The decree, which gave authority for the regulation of hemp to three police agencies and a government agriculture body, has not prevented law enforcement officials from seizing legal hemp crops from growers who made conscientious efforts to follow the law, said Pawel Szopa, a grower based in Serta in central Portugal who had 300 outdoor plants confiscated in a raid Sept. 11.

“It’s sad that people who tried to follow rules are getting punished,” said Szopa, owner of hemp company CrystalCanna and a co-founder of LUSICANNA, the Portuguese association of hemp growers and producers. Szopa’s company, which met all legal requirements for planting hemp, had done so for the third season this past spring under existing rules at the time which allowed for fiber and seed production. Szopa said his losses could be as much as €18,000.

Recent changes

The rules changes, which were put into effect this month, addressed an unresolved jurisdictional question, placing licensing under the General Directorate of Food and Veterinary Affairs (DGAV). Previously, it was unclear whether DGAV or INFARMED, the Portuguese Health Regulator that has authority over pharmaceutical products and controlled substances, had jurisdiction over hemp growing in Portugal. Many of Portugal’s hemp growers missed the 2019 growing season amid the confusion.

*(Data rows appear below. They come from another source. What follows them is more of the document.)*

lemma complex_common_rho_eigenvector_collinear:
  assumes z: "z \<in> carrier_vec d"
    and eig: "\<forall>i<k. map_mat complex_of_real (A i) *\<^sub>v z = complex_of_real (rho (A i)) \<cdot>\<^sub>v z"
  shows "\<exists>c. z = c \<cdot>\<^sub>v map_vec complex_of_real x"
proof -
  have "\<forall>i<k. A i *\<^sub>v map_vec Re z = rho (A i) \<cdot>\<^sub>v map_vec Re z"
    and "\<forall>i<k. A i *\<^sub>v map_vec Im z = rho (A i) \<cdot>\<^sub>v map_vec Im z"
    using of_real_mat_eigen_Re_Im[OF _ z] carrier eig by blast+
  then obtain a b where a: "map_vec Re z = a \<cdot>\<^sub>v x" and b: "map_vec Im z = b \<cdot>\<^sub>v x"
    using common_rho_eigenvector_collinear z by (meson map_carrier_vec)
  have "z = Complex a b \<cdot>\<^sub>v map_vec complex_of_real x"
  proof (rule eq_vecI)
    fix s assume "s < dim_vec (Complex a b \<cdot>\<^sub>v map_vec complex_of_real x)"
    then have s: "s < d" using x_carrier by simp
    have "Re (z $ s) = a * x $ s" "Im (z $ s) = b * x $ s"
      using arg_cong[OF a, of "\<lambda>v. v $ s"] arg_cong[OF b, of "\<lambda>v. v $ s"] z x_carrier s by auto
    then show "z $ s = (Complex a b \<cdot>\<^sub>v map_vec complex_of_real x) $ s"
      using x_carrier s by (simp add: complex_eq_iff)
  qed (use z x_carrier in auto)
  then show ?thesis ..
qed

lemma subinvariant_vector:
  assumes y: "y \<in> carrier_vec d" "\<forall>t<d. 0 \<le> y $ t" "y \<noteq> 0\<^sub>v d"
    and lam: "\<forall>i<k. 0 \<le> lam i" and sub: "\<forall>i<k. \<forall>s<d. (A i *\<^sub>v y) $ s \<le> lam i * y $ s"
  shows "\<forall>t<d. 0 < y $ t"
    and "\<forall>i<k. rho (A i) \<le> lam i"
    and "\<forall>i<k. lam i = rho (A i) \<Longrightarrow> norm1 y = 1 \<Longrightarrow> y = x"
proof -
  have sub: "\<forall>i<k. A i *\<^sub>v y \<le> lam i \<cdot>\<^sub>v y"
    using sub carrier y(1) by (intro allI impI less_eq_vec_iff[THEN iffD2]) auto
  have AF_y: "AF *\<^sub>v y \<le> (\<Sum>n\<in>F. \<Prod>i<k. lam i ^ n i) \<cdot>\<^sub>v y"
    by (rule msum_mult_vec_subinvariant[OF nonneg y(1) lam sub])
  show y_pos: "\<forall>t<d. 0 < y $ t" using pos_mat_subinvariant_pos[OF AF_pos y AF_y] by blast
  show "\<forall>i<k. rho (A i) \<le> lam i"
    using rho_le_subinvariant[OF _ dim_pos y(1) y_pos] nonneg sub by blast
  show "y = x" if "\<forall>i<k. lam i = rho (A i)" "norm1 y = 1"
  proof -
    have "(\<Sum>n\<in>F. \<Prod>i<k. lam i ^ n i) = rho AF" unfolding rho_AF using that(1) by simp
    then show ?thesis using AF_eq_x_if_subinvariant[OF y(1,2) that(2)] AF_y by simp
  qed
qed

lemma rho_mpow: "rho (mpow d k A n) = (\<Prod>i<k. rho (A i) ^ n i)"
  using mpow_mult_vec_eigen[OF carrier x_carrier A_mult_x]
  by (rule rho_pos_eigenvector[OF mpow_nonneg[OF nonneg] dim_pos x_carrier x_pos])

end

theorem proposition3p1:
  fixes d k :: nat and A :: "nat \<Rightarrow> real mat" and F :: "(nat \<Rightarrow> nat) set" and x :: "real vec"
  assumes carr: "\<forall>i<k. A i \<in> carrier_mat d d"
    and nonneg: "\<forall>i<k. \<forall>s<d. \<forall>t<d. A i $$ (s,t) \<ge> 0"
    and nonzero: "\<forall>i<k. A i \<noteq> 0\<^sub>m d d"
    and comm: "\<forall>i<k. \<forall>j<k. A i * A j = A j * A i"
    and irr: "irreducible_family d k A"
    and F: "finite F" "F \<subseteq> nvecs k"
    and AF_pos: "\<forall>s<d. \<forall>t<d. msum d k A F $$ (s,t) > 0"
    and x: "unimodular_PF_eigenvector (msum d k A F) x"
  shows
    "(x \<in> carrier_vec d \<and> (\<forall>s<d. x $ s \<ge> 0) \<and> norm1 x = 1 \<and>
        (\<forall>i<k. \<exists>\<mu>. eigenvector (A i) x \<mu>) \<and>
        (\<forall>y. y \<in> carrier_vec d \<and> (\<forall>s<d. y $ s \<ge> 0) \<and> norm1 y = 1 \<and>
             (\<forall>i<k. \<exists>\<mu>. eigenvector (A i) y \<mu>) \<longrightarrow> y = x))
     \<and> (\<forall>i<k. A i *\<^sub>v x = rho (A i) \<cdot>\<^sub>v x \<and> rho (A i) > 0)
     \<and> (\<forall>z. z \<in> carrier_vec d \<and>
            (\<forall>i<k. map_mat complex_of_real (A i) *\<^sub>v z = complex_of_real (rho (A i)) \<cdot>\<^sub>v z)
            \<longrightarrow> (\<exists>c::complex. z = c \<cdot>\<^sub>v map_vec complex_of_real x))
     \<and> (\<forall>y (lam::nat \<Rightarrow> real). y \<in> carrier_vec d \<and> (\<forall>s<d. y $ s \<ge> 0) \<and> y \<noteq> 0\<^sub>v d \<and>
            (\<forall>i<k. lam i \<ge> 0) \<and> (\<forall>i<k. \<forall>s<d. (A i *\<^sub>v y) $ s \<le> lam i * y $ s) \<longrightarrow>
            (\<forall>s<d. y $ s > 0) \<and> (\<forall>i<k. lam i \<ge> rho (A i)) \<and>
            ((\<forall>i<k. lam i = rho (A i)) \<and> norm1 y = 1 \<longrightarrow> y = x))
     \<and> (\<forall>n\<in>nvecs k. rho (mpow d k A n) = (\<Prod>i<k. rho (A i) ^ n i) \<and>
            (\<Prod>i<k. rho (A i) ^ n i) > 0)"
proof -
  interpret commuting_PF_family d k A F x
    using carr nonneg nonzero comm AF_pos x
    by unfold_locales (auto simp: nonneg_mat_def pos_mat_def msum_carrier)
  show ?thesis
  proof (intro conjI)
    show "\<forall>s<d. x $ s \<ge> 0" using x_pos by (simp add: less_imp_le)
    show "\<forall>i<k. \<exists>\<mu>. eigenvector (A i) x \<mu>" using x_eigenvector by blast
    show "\<forall>i<k. A i *\<^sub>v x = rho (A i) \<cdot>\<^sub>v x \<and> rho (A i) > 0" using A_mult_x rho_A_pos by blast
    show "\<forall>n\<in>nvecs k. rho (mpow d k A n) = (\<Prod>i<k. rho (A i) ^ n i) \<and> (\<Prod>i<k. rho (A i) ^ n i) > 0"
      using rho_mpow rho_A_pos by (auto intro!: prod_pos)
    show "\<forall>y. y \<in> carrier_vec d \<and> (\<forall>s<d. y $ s \<ge> 0) \<and> norm1 y = 1 \<and>
             (\<forall>i<k. \<exists>\<mu>. eigenvector (A i) y \<mu>) \<longrightarrow> y = x"
      using common_eigenvector_eq_x by blast
    show "\<forall>z. z \<in> carrier_vec d \<and>
            (\<forall>i<k. map_mat complex_of_real (A i) *\<^sub>v z = complex_of_real (rho (A i)) \<cdot>\<^sub>v z)
            \<longrightarrow> (\<exists>c::complex. z = c \<cdot>\<^sub>v map_vec complex_of_real x)"
      using complex_common_rho_eigenvector_collinear by blast
    show "\<forall>y lam. y \<in> carrier_vec d \<and> (\<forall>s<d. y $ s \<ge> 0) \<and> y \<noteq> 0\<^sub>v d \<and>
            (\<forall>i<k. lam i \<ge> 0) \<and> (\<forall>i<k. \<forall>s<d. (A i *\<^sub>v y) $ s \<le> lam i * y $ s) \<longrightarrow>
            (\<forall>s<d. y $ s > 0) \<and> (\<forall>i<k. lam i \<ge> rho (A i)) \<and>
            ((\<forall>i<k. lam i = rho (A i)) \<and> norm1 y = 1 \<longrightarrow> y = x)"
      using subinvariant_vector by blast
  qed (fact x_carrier norm1_x)+
qed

While the recent decree put licensing for fiber and seed production under DGAV’s Agriculture and Fisheries Financing Institute, with controls delegated to the judiciary police, the National Republican Guard and the Public Security Police, some law agencies are apparently still confused over enforcement.

Szopa said his paperwork, and notification he made to government officials about his growing operation prevented his arrest, but he and other growers still had their crops confiscated by the police.

Big ‘drug bust’

In a separate case, authorities recently seized 23,000 hemp plants weighing 14 tons, 17 bags of seed and other materials in what was termed the biggest “drug bust” ever in Portugal. That raid, carried out in the municipality of Almeirim and Salvaterra de Magos, included military personnel and agents from a total of six law enforcement entities. A 35-year-old man was arrested and a second suspect, 50, was charged with drug trafficking as a result of that raid on greenhouse and outdoor grows.

While hemp intended for fiber and seed production are now clearly under DGAV, that grown for flowers to produce CBD in Portugal falls under separate licensing rules which also cover medical marijuana, but stakeholders say those rules are still not clear.